Collected data entries:
━━━━━━━━━━━━━━━━━━━━

lemma G1_nonexpansive: "norm (G1 u - G1 v) \<le> norm (u - v)"
  using lipschitz_onD[OF firmly_nonexpansive_imp_lipschitz[OF firmly_nonexpansive1] UNIV_I UNIV_I]
  by (simp add: dist_norm)

lemma Inf_le_h1: "(INF z. h1 z) \<le> h1 u"
  using bdd_below1 by (simp add: cInf_lower)

end

locale gradient_descent = equal_gradient_norms h1 h2 G1 G2
  for h1 h2 :: "'a::real_inner \<Rightarrow> real" and G1 G2 :: "'a \<Rightarrow> 'a" +
  fixes \<tau> :: real and x :: 'a
  assumes step_pos: "0 < \<tau>" and step_le_half: "\<tau> \<le> 1/2"
begin

primrec descent :: "nat \<Rightarrow> 'a" where
  "descent 0 = x"
| "descent (Suc k) = descent k - \<tau> *\<^sub>R G1 (descent k)"

abbreviation grad :: "nat \<Rightarrow> 'a" where
  "grad k \<equiv> G1 (descent k)"

lemma descent_diff_Suc: "descent k - descent (Suc k) = \<tau> *\<^sub>R grad k"
  by simp

lemma grad_Suc_inner: "(1 - \<tau>) * (norm (grad k))\<^sup>2 \<le> grad (Suc k) \<bullet> grad k"
proof -
  have "norm (grad k - grad (Suc k)) \<le> \<tau> * norm (grad k)"
    using G1_nonexpansive[of "descent k" "descent (Suc k)"] step_pos
    by (simp only: descent_diff_Suc norm_scaleR)
  then have "norm (grad k - grad (Suc k)) * norm (grad k) \<le> \<tau> * norm (grad k) * norm (grad k)"
    by (simp add: mult_right_mono)
  moreover have "(grad k - grad (Suc k)) \<bullet> grad k \<le> norm (grad k - grad (Suc k)) * norm (grad k)"
    by (rule Cauchy_Schwarz_ineq2[THEN abs_le_D1])
  moreover have "grad (Suc k) \<bullet> grad k = (norm (grad k))\<^sup>2 - (grad k - grad (Suc k)) \<bullet> grad k"
    by (simp add: inner_diff_left power2_norm_eq_inner)
  ultimately show ?thesis
    by (simp add: power2_eq_square left_diff_distrib)
qed

lemma grad_norm_Suc_le: "norm (grad (Suc k)) \<le> norm (grad k)"
proof -
  define d where "d = grad k - grad (Suc k)"
  have "(norm d)\<^sup>2 \<le> (descent k - descent (Suc k)) \<bullet> d"
    using firmly_nonexpansive1 unfolding firmly_nonexpansive_def d_def by blast
  then have d: "(norm d)\<^sup>2 \<le> \<tau> * (grad k \<bullet> d)"
    by (simp only: descent_diff_Suc inner_scaleR_left)
  then have "0 \<le> grad k \<bullet> d"
    using step_pos by (smt (verit) mult_pos_neg zero_le_power2)
  have "(norm (grad (Suc k)))\<^sup>2 = (norm (grad k))\<^sup>2 - 2 * (grad k \<bullet> d) + (norm d)\<^sup>2"
    by (simp add: d_def power2_norm_eq_inner inner_diff_left inner_diff_right inner_commute)
  also have "\<dots> \<le> (norm (grad k))\<^sup>2"
    using d \<open>0 \<le> grad k \<bullet> d\<close> step_le_half mult_right_mono[of \<tau> 1 "grad k \<bullet> d"] by simp
  finally show ?thesis by (simp add: power2_le_iff_abs_le)
qed

lemma h1_descent_Suc: "h1 (descent (Suc k)) + \<tau> * (1 - \<tau>) * (norm (grad k))\<^sup>2 \<le> h1 (descent k)"
proof -
  have "h1 (descent (Suc k)) + \<tau> * (grad (Suc k) \<bullet> grad k) \<le> h1 (descent k)"
    using subgradient1_ineq[of "descent (Suc k)" "descent k"]
    by (simp only: descent_diff_Suc inner_scaleR_right)
  moreover have "\<tau> * ((1 - \<tau>) * (norm (grad k))\<^sup>2) \<le> \<tau> * (grad (Suc k) \<bullet> grad k)"
    using grad_Suc_inner step_pos by (intro mult_left_mono) auto
  ultimately show ?thesis by (simp add: mult.assoc)
qed

lemma h1_descent_Suc_half: "h1 (descent (Suc k)) + \<tau> / 2 * (norm (grad k))\<^sup>2 \<le> h1 (descent k)"
proof -
  have "\<tau> / 2 * (norm (grad k))\<^sup>2 \<le> \<tau> * (1 - \<tau>) * (norm (grad k))\<^sup>2"
    using step_pos step_le_half by (intro mult_right_mono) auto
  with h1_descent_Suc[of k] show ?thesis by simp
qed

text \<open>\<open>(1 + 2\<tau>) h1 - h2\<close> is a Lyapunov function for the descent; this is where
  \<open>\<parallel>G1\<parallel> = \<parallel>G2\<parallel>\<close> and \<open>\<tau> \<le> 1/2\<close> are used.\<close>

lemma potential_descent_Suc:
  "(1 + 2 * \<tau>) * h1 (descent (Suc k)) - h2 (descent (Suc k))
    \<le> (1 + 2 * \<tau>) * h1 (descent k) - h2 (descent k)"
proof -
  define X where "X = (norm (grad k))\<^sup>2"
  have "h2 (descent k) - \<tau> * (G2 (descent k) \<bullet> grad k) \<le> h2 (descent (Suc k))"
    using subgradient2_ineq[of "descent k" "descent (Suc k)"]
    by (simp add: inner_diff_right)
  moreover have "G2 (descent k) \<bullet> grad k \<le> X"
    using Cauchy_Schwarz_ineq2[THEN abs_le_D1, of "G2 (descent k)" "grad k"] norm_eq[of "descent k"]
    by (simp add: X_def power2_eq_square)
  then have "\<tau> * (G2 (descent k) \<bullet> grad k) \<le> \<tau> * X"
    using step_pos by (intro mult_left_mono) auto
  ultimately have h2: "h2 (descent k) - \<tau> * X \<le> h2 (descent (Suc k))"
    by linarith
  have "(1 + 2 * \<tau>) * (h1 (descent (Suc k)) + \<tau> * (1 - \<tau>) * X) \<le> (1 + 2 * \<tau>) * h1 (descent k)"
    using h1_descent_Suc step_pos by (intro mult_left_mono) (simp_all add: X_def)
  moreover have "\<tau> * X \<le> (1 + 2 * \<tau>) * (\<tau> * (1 - \<tau>) * X)"
  proof -
    have "0 \<le> \<tau>\<^sup>2 * X * (1 - 2 * \<tau>)" using step_le_half by (simp add: X_def)
    then show ?thesis by (simp add: algebra_simps power2_eq_square)
  qed
  ultimately show ?thesis using h2 by (simp add: distrib_left)
qed

lemma potential_descent_le:
  "(1 + 2 * \<tau>) * h1 (descent n) - h2 (descent n) \<le> (1 + 2 * \<tau>) * h1 x - h2 x"
proof (induction n)
  case (Suc n)
  then show ?case using potential_descent_Suc[of n] by linarith
qed simp

lemma h1_descent_sum: "h1 (descent N) + \<tau> / 2 * (\<Sum>k<N. (norm (grad k))\<^sup>2) \<le> h1 x"
proof (induction N)
  case (Suc N)
  then show ?case using h1_descent_Suc_half[of N] by (simp add: distrib_left)
qed simp

lemma h1_descent_tail:
  assumes "M \<le> N"
  shows "h1 (descent N) + \<tau> / 2 * real (N - M) * (norm (grad N))\<^sup>2 \<le> h1 (descent M)"
  using assms
proof (induction N rule: dec_induct)
  case (step n)
  define a where "a = real (n - M)"
  have eq: "real (Suc n - M) = a + 1" using step.hyps by (simp add: a_def Suc_diff_le)
  have "\<tau> / 2 * (a + 1) * (norm (grad (Suc n)))\<^sup>2 \<le> \<tau> / 2 * (a + 1) * (norm (grad n))\<^sup>2"
    using grad_norm_Suc_le[of n] step_pos by (intro mult_left_mono power_mono) (auto simp: a_def)
  moreover have "\<tau> / 2 * (a + 1) * (norm (grad n))\<^sup>2
      = \<tau> / 2 * (norm (grad n))\<^sup>2 + \<tau> / 2 * a * (norm (grad n))\<^sup>2"
    by (simp add: algebra_simps)
  ultimately show ?case
    using h1_descent_Suc_half[of n] step.IH unfolding eq a_def by linarith
qed simp

lemma descent_dist: "norm (descent N - x) \<le> \<tau> * (\<Sum>k<N. norm (grad k))"
proof (induction N)
  case (Suc N)
  have "norm (descent (Suc N) - x) \<le> norm (descent N - x) + norm (\<tau> *\<^sub>R grad N)"
    using norm_triangle_ineq4[of "descent N - x" "\<tau> *\<^sub>R grad N"] by (simp add: algebra_simps)
  with Suc step_pos show ?case by (simp add: distrib_left)
qed simp

lemma descent_dist_sq: "(norm (descent N - x))\<^sup>2 \<le> 2 * \<tau> * real N * (h1 x - (INF z. h1 z))"
proof -
  have "(\<Sum>k<N. norm (grad k) * 1)\<^sup>2 \<le> (\<Sum>k<N. (norm (grad k))\<^sup>2) * (\<Sum>k<N. 1\<^sup>2)"
    by (rule Cauchy_Schwarz_ineq_sum)
  then have CS: "(\<Sum>k<N. norm (grad k))\<^sup>2 \<le> real N * (\<Sum>k<N. (norm (grad k))\<^sup>2)"
    by (simp add: mult.commute)
  have sum: "\<tau> * (\<Sum>k<N. (norm (grad k))\<^sup>2) \<le> 2 * (h1 x - (INF z. h1 z))"
    using h1_descent_sum[of N] Inf_le_h1[of "descent N"] by simp
  have "(norm (descent N - x))\<^sup>2 \<le> \<tau>\<^sup>2 * (\<Sum>k<N. norm (grad k))\<^sup>2"
    using descent_dist[of N] by (simp add: power_mono flip: power_mult_distrib)
  also have "\<dots> \<le> \<tau>\<^sup>2 * (real N * (\<Sum>k<N. (norm (grad k))\<^sup>2))"
    using CS by (simp add: mult_left_mono)
  also have "\<dots> = \<tau> * real N * (\<tau> * (\<Sum>k<N. (norm (grad k))\<^sup>2))"
    by (simp add: power2_eq_square)
  also have "\<dots> \<le> \<tau> * real N * (2 * (h1 x - (INF z. h1 z)))"
    using sum step_pos by (intro mult_left_mono) auto
  finally show ?thesis by (simp add: mult_ac)
qed

text \<open>Since \<open>h1\<close> decreases along the descent by at least \<open>\<tau>/2 \<parallel>grad k\<parallel>\<^sup>2\<close> per step
  and \<open>\<parallel>grad k\<parallel>\<close> is nonincreasing, the drop of \<open>h1\<close> between steps \<open>M\<close> and \<open>2M\<close>,
  which tends to zero, controls \<open>M \<parallel>grad (2M)\<parallel>\<^sup>2\<close>.\<close>

lemma small_gradient:
  assumes "0 < \<theta>"
  obtains N where "0 < N" "\<tau> * real N * (norm (grad N))\<^sup>2 \<le> \<theta>"
proof -
  have dec: "decseq (\<lambda>k. h1 (descent k))"
  proof (rule decseq_SucI)
    fix k
    have "0 \<le> \<tau> / 2 * (norm (grad k))\<^sup>2" using step_pos by simp
    with h1_descent_Suc_half[of k] show "h1 (descent (Suc k)) \<le> h1 (descent k)" by linarith
  qed
  obtain L where "(\<lambda>k. h1 (descent k)) \<longlonglongrightarrow> L"
    using decseq_convergent[OF dec, of "INF z. h1 z"] Inf_le_h1 by blast
  then have "Cauchy (\<lambda>k. h1 (descent k))" by (rule LIMSEQ_imp_Cauchy)
  moreover have "0 < \<theta> / 4" using assms by simp
  ultimately obtain M0 where M0: "\<forall>m\<ge>M0. \<forall>n\<ge>M0. norm (h1 (descent m) - h1 (descent n)) < \<theta> / 4"
    using CauchyD by blast
  define M where "M = Suc M0"
  define P where "P = \<tau> * real M * (norm (grad (2 * M)))\<^sup>2"
  have "h1 (descent (2 * M)) + P / 2 \<le> h1 (descent M)"
    using h1_descent_tail[of M "2 * M"] by (simp add: P_def)
  moreover have "norm (h1 (descent M) - h1 (descent (2 * M))) < \<theta> / 4"
    using M0 by (simp add: M_def del: descent.simps)
  ultimately have "2 * P \<le> \<theta>"
    using abs_ge_self[of "h1 (descent M) - h1 (descent (2 * M))"] by simp
  moreover have "\<tau> * real (2 * M) * (norm (grad (2 * M)))\<^sup>2 = 2 * P" by (simp add: P_def)
  ultimately show ?thesis by (intro that[of "2 * M"]) (simp_all add: M_def)
qed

━━━━━━━━━━━━━━━━━━━━

## Task statement
Which lines in the records above include the word "theta"? Copy them out.

## Task response
  assumes "0 < \<theta>"
  obtains N where "0 < N" "\<tau> * real N * (norm (grad N))\<^sup>2 \<le> \<theta>"
  moreover have "0 < \<theta> / 4" using assms by simp
  ultimately obtain M0 where M0: "\<forall>m\<ge>M0. \<forall>n\<ge>M0. norm (h1 (descent m) - h1 (descent n)) < \<theta> / 4"
  moreover have "norm (h1 (descent M) - h1 (descent (2 * M))) < \<theta> / 4"
  ultimately have "2 * P \<le> \<theta>"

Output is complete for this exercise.